The 9th Circuit Court of Appeals in San Francisco issued a blistering rebuke of the EPA’s foot dragging. The EPA has acknowledged that lead poisoning is the top environmental health threat for children younger than 6 in the United States, judges said.
The court went on to mention that untold numbers of children were likely exposed to lead poisoning while the EPA delayed this important work.
Lead exposure can cause damage to a child’s brain and nervous system, slow growth and development, create learning and behavior problems, and hearing and speech problems. Its effects can be irreversible.
Almost 40 years after the federal government outlawed lead paint, an unknown number of children are still in jeopardy. This is partly because cities such as Toledo continue to live with a legacy of older housing stock still coated with lead paint that falls away in chips and dust form. In other areas lead finds its way into children’s blood streams via outdated lead water pipes.
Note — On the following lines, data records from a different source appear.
lemma deriv_iter_poly_exp_recip: "\<exists>q. (deriv ^^ k) (poly_exp_recip p) = poly_exp_recip q"
proof (induction k arbitrary: p)
  case (Suc k)
  have "deriv (poly_exp_recip p) = poly_exp_recip (monom 1 2 * (p - pderiv p))"
    using poly_exp_recip_has_derivative DERIV_imp_deriv by blast
  then show ?case using Suc by (metis funpow_Suc_right o_apply)
qed auto

lemma poly_exp_recip_smooth: "(deriv ^^ k) (poly_exp_recip p) differentiable (at t)"
  using deriv_iter_poly_exp_recip poly_exp_recip_has_derivative real_differentiable_def
  by (metis differentiableI field_differentiable_def field_differentiable_imp_differentiable)

definition cutoff :: "real \<Rightarrow> real^'n::finite \<Rightarrow> complex" where
  "cutoff R x = of_real (poly_exp_recip 1 (R + 1 - norm x ^ 2) /
     (poly_exp_recip 1 (R + 1 - norm x ^ 2) + poly_exp_recip 1 (norm x ^ 2 - R)))"

lemma smooth_gen_cutoff: "smooth_gen (cutoff R :: real^'n::finite \<Rightarrow> complex)"
proof -
  define q :: "real^'n \<Rightarrow> complex" where "q x = (\<Sum>j\<in>UNIV. of_real (x $ j) * of_real (x $ j))" for x
  have q: "smooth_gen q"
    unfolding q_def by (rule smooth_gen_sum) (simp_all add: smooth_gen.mult smooth_gen.coord)
  have Re_q: "Re (q x) = norm x ^ 2" for x
    by (simp add: q_def Re_sum power2_norm_eq_inner inner_vec_def)
  define A where "A x = (of_real (poly_exp_recip 1 (Re (of_real (R + 1) - q x))) :: complex)" for x
  define B where "B x = (of_real (poly_exp_recip 1 (Re (q x - of_real R))) :: complex)" for x
  have sA: "smooth_gen A"
    unfolding A_def
    by (rule smooth_gen.real_comp[OF smooth_gen_diff[OF smooth_gen.const q]])
      (simp add: poly_exp_recip_smooth)
  have sB: "smooth_gen B"
    unfolding B_def
    by (rule smooth_gen.real_comp[OF smooth_gen_diff[OF q smooth_gen.const]])
      (simp add: poly_exp_recip_smooth)
  have AB: "A x + B x =
      of_real (poly_exp_recip 1 (R + 1 - norm x ^ 2) + poly_exp_recip 1 (norm x ^ 2 - R))" for x
    by (simp add: A_def B_def Re_q)
  have "A x + B x \<notin> \<real>\<^sub>\<le>\<^sub>0" for x
  proof -
    have "poly_exp_recip 1 (R + 1 - norm x ^ 2) + poly_exp_recip 1 (norm x ^ 2 - R) > 0"
      by (cases "R + 1 - norm x ^ 2 > 0") (simp_all add: poly_exp_recip_def add_pos_pos)
    then show ?thesis
      unfolding AB by (simp add: complex_nonpos_Reals_iff)
  qed
  with sA sB have "smooth_gen (\<lambda>x. A x * (A x + B x) powr (- 1))"
    by (intro smooth_gen.mult smooth_gen.powr smooth_gen.add) auto
  moreover have "cutoff R = (\<lambda>x. A x * (A x + B x) powr (- 1))"
    by (rule ext, unfold AB powr_minus) (simp add: cutoff_def A_def Re_q divide_inverse)
  ultimately show ?thesis by simp
qed

lemma cutoff_eq_1: "norm x ^ 2 \<le> R \<Longrightarrow> cutoff R x = 1"
  by (simp add: cutoff_def poly_exp_recip_def)

lemma cutoff_eq_0: "R + 1 \<le> norm x ^ 2 \<Longrightarrow> cutoff R x = 0"
  by (simp add: cutoff_def poly_exp_recip_def)

lemma bump_exists:
  fixes K :: "(real^'n::finite) set"
  assumes "compact K"
  shows "\<exists>\<eta>. test_fun \<eta> \<and> (\<forall>x\<in>K. \<eta> x = 1)"
proof -
  obtain B where B: "B \<ge> 0" "\<And>x. x \<in> K \<Longrightarrow> norm x \<le> B"
    using compact_imp_bounded[OF assms] by (meson bounded_pos less_imp_le)
  have "test_fun (cutoff (B^2) :: real^'n \<Rightarrow> complex)"
  proof (rule test_funI[OF smooth_gen_cutoff compact_cball[of 0 "sqrt (B^2 + 1)"]])
    fix x :: "real^'n"
    assume "x \<notin> cball 0 (sqrt (B^2 + 1))"
    then have "sqrt (B^2 + 1) ^ 2 < norm x ^ 2"
      by (intro power_strict_mono) auto
    then have "B^2 + 1 \<le> norm x ^ 2"
      by simp
    then show "cutoff (B^2) x = 0" by (rule cutoff_eq_0)
  qed
  moreover have "cutoff (B^2) x = 1" if "x \<in> K" for x
    using B that by (intro cutoff_eq_1 power_mono) auto
  ultimately show ?thesis by blast
qed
The appeals court noted that new research on the hazards of lead paint suggested federal authorities review standards. And yet the federal EPA — to which state and local authorities ought to be able to turn for guidance on policy and safe exposure levels — still wanted six years to consider its ruling on best practices.
EPA officials have said they will review the ruling before deciding whether to appeal. They should not waste their time. Instead, the agency should get to work reviewing the latest science and offering revised standards that will help protect America’s children.